AIM OF THE TASK:
Which lines in the listing below contain the word "Defs"? Copy each one.

THE RECORDS:

*** Block opens ***

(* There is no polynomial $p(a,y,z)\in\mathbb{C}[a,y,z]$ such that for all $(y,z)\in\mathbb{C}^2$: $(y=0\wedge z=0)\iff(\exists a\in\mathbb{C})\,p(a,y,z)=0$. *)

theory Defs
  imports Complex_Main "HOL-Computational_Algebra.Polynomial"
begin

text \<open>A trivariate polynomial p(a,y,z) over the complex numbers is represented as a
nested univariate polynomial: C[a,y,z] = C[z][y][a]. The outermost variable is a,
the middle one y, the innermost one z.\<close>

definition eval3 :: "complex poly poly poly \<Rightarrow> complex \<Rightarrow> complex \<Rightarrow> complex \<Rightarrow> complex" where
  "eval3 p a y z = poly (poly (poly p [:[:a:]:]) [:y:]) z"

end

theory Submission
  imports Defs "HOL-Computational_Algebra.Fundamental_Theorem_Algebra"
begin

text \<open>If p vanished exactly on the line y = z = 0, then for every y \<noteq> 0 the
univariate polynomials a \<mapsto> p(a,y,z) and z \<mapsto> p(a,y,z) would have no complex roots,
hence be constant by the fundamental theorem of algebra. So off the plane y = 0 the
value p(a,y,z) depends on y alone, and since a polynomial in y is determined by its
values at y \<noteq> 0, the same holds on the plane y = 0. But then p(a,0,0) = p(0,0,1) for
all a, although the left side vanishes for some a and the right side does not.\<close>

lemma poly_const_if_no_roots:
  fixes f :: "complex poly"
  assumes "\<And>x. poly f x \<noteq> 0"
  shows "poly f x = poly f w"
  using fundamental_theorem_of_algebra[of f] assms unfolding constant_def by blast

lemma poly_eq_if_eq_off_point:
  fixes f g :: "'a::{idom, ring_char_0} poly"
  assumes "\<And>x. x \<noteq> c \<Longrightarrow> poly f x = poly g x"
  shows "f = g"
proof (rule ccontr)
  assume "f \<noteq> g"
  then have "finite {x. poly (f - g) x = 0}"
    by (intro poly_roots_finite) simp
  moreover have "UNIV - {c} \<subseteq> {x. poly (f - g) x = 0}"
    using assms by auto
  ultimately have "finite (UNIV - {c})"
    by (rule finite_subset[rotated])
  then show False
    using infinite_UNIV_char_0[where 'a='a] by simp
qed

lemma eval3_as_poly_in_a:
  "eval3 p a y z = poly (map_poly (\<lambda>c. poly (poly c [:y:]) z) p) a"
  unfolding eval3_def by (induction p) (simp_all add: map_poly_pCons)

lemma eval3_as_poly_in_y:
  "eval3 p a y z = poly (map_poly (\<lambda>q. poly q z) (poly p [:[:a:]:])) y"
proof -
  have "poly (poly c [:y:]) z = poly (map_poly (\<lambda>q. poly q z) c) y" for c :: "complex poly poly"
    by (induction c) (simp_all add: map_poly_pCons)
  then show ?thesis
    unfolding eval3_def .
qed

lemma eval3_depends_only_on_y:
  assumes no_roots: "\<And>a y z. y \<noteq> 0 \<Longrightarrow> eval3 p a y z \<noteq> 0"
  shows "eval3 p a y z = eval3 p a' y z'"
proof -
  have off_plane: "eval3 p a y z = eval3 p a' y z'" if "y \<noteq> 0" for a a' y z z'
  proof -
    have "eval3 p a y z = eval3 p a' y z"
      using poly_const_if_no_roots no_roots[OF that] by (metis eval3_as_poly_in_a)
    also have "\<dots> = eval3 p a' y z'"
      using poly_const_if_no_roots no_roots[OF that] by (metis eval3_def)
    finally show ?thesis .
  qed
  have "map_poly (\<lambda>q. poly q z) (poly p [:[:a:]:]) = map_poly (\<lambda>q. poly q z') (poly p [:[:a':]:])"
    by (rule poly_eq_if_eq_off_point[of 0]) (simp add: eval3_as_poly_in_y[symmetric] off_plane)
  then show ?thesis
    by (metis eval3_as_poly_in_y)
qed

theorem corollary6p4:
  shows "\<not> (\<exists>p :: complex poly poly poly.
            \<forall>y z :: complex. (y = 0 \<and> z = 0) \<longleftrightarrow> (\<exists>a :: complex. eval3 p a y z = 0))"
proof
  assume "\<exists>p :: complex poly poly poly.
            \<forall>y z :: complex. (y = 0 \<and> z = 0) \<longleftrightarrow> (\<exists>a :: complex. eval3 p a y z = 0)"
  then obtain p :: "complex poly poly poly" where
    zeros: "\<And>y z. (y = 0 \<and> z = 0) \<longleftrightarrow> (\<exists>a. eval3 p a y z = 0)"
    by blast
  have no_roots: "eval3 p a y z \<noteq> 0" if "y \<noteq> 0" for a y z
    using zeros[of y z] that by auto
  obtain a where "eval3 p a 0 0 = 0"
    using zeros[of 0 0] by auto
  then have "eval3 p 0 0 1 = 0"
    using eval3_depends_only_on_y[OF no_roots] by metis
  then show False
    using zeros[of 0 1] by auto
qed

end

*** Block closes ***
*** Block opens ***

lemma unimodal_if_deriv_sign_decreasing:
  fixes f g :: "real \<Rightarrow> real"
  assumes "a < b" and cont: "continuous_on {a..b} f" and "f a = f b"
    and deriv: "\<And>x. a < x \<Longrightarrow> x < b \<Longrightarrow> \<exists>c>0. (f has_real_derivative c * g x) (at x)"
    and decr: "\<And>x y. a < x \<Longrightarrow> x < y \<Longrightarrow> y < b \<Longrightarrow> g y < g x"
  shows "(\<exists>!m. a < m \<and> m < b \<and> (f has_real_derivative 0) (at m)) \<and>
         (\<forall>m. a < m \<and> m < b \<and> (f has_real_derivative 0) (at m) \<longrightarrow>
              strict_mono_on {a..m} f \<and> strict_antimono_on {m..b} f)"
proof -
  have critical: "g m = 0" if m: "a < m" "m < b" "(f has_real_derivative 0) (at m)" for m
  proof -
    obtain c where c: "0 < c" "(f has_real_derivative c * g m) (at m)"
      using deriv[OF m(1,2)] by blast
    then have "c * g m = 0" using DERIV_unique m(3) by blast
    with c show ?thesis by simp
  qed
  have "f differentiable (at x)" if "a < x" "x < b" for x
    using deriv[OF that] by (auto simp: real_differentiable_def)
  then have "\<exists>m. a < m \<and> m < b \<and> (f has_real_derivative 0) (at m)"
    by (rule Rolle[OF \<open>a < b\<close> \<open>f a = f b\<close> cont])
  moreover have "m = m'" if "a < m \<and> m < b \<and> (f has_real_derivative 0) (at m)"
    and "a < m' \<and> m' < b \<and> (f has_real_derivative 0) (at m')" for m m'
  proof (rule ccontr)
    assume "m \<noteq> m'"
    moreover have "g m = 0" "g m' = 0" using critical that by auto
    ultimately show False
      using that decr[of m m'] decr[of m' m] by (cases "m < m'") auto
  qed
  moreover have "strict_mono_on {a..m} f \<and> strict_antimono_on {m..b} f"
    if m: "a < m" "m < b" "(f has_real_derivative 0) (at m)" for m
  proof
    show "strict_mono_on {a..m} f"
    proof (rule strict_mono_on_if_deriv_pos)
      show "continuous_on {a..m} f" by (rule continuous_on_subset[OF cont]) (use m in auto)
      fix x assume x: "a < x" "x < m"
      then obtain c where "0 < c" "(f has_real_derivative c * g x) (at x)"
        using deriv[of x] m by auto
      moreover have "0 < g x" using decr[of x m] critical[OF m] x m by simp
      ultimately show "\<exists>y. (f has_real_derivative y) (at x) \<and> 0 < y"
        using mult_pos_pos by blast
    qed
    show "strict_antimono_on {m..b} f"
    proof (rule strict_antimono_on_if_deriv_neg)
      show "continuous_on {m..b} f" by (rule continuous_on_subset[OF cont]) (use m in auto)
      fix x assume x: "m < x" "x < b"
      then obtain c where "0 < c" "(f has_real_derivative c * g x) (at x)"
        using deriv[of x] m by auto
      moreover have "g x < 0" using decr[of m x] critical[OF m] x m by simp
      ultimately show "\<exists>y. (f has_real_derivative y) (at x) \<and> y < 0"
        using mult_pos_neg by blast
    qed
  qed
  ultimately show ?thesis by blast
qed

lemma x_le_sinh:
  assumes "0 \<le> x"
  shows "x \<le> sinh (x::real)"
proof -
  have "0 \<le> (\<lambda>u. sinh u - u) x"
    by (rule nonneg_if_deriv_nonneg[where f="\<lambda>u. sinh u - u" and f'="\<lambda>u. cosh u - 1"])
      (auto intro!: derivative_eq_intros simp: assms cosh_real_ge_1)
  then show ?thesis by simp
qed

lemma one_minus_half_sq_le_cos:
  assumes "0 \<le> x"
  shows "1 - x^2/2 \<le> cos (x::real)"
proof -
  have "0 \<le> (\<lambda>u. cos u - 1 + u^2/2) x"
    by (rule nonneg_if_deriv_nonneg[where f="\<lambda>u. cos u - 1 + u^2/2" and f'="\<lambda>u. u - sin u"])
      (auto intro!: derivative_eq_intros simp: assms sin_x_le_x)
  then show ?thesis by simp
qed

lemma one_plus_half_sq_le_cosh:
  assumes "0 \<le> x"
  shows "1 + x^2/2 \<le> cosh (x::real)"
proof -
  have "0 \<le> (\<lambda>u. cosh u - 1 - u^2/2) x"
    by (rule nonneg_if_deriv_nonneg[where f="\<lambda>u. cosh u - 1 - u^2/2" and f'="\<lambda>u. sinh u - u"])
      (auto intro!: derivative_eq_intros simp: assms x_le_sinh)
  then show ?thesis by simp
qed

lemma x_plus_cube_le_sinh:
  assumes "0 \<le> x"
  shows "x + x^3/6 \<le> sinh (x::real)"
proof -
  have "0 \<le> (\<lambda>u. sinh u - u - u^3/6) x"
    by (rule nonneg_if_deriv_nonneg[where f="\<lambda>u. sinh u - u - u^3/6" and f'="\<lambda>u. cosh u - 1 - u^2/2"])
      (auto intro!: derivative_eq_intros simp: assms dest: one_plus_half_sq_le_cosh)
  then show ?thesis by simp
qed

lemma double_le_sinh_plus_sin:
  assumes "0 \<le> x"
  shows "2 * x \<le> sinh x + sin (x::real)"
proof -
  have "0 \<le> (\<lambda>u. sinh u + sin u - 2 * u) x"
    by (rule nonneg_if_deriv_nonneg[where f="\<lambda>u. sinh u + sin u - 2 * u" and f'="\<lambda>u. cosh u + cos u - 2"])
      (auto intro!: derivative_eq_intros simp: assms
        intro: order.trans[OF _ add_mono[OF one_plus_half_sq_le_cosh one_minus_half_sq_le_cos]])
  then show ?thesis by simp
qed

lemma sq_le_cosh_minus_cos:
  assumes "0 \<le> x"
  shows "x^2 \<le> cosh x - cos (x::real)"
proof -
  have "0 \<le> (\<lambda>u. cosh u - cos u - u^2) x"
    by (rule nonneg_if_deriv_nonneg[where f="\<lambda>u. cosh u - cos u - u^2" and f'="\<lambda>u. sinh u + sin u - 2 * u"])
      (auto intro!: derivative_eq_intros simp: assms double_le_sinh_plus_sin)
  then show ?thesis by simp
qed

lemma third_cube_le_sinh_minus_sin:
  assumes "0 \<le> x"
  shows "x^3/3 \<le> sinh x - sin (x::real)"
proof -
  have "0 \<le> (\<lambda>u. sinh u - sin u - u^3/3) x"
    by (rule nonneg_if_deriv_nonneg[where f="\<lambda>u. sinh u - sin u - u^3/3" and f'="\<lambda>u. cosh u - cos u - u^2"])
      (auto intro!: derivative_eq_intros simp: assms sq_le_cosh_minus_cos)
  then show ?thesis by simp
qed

*** Block closes ***

RESULT OF THE TASK:
theory Defs
  imports Defs "HOL-Computational_Algebra.Fundamental_Theorem_Algebra"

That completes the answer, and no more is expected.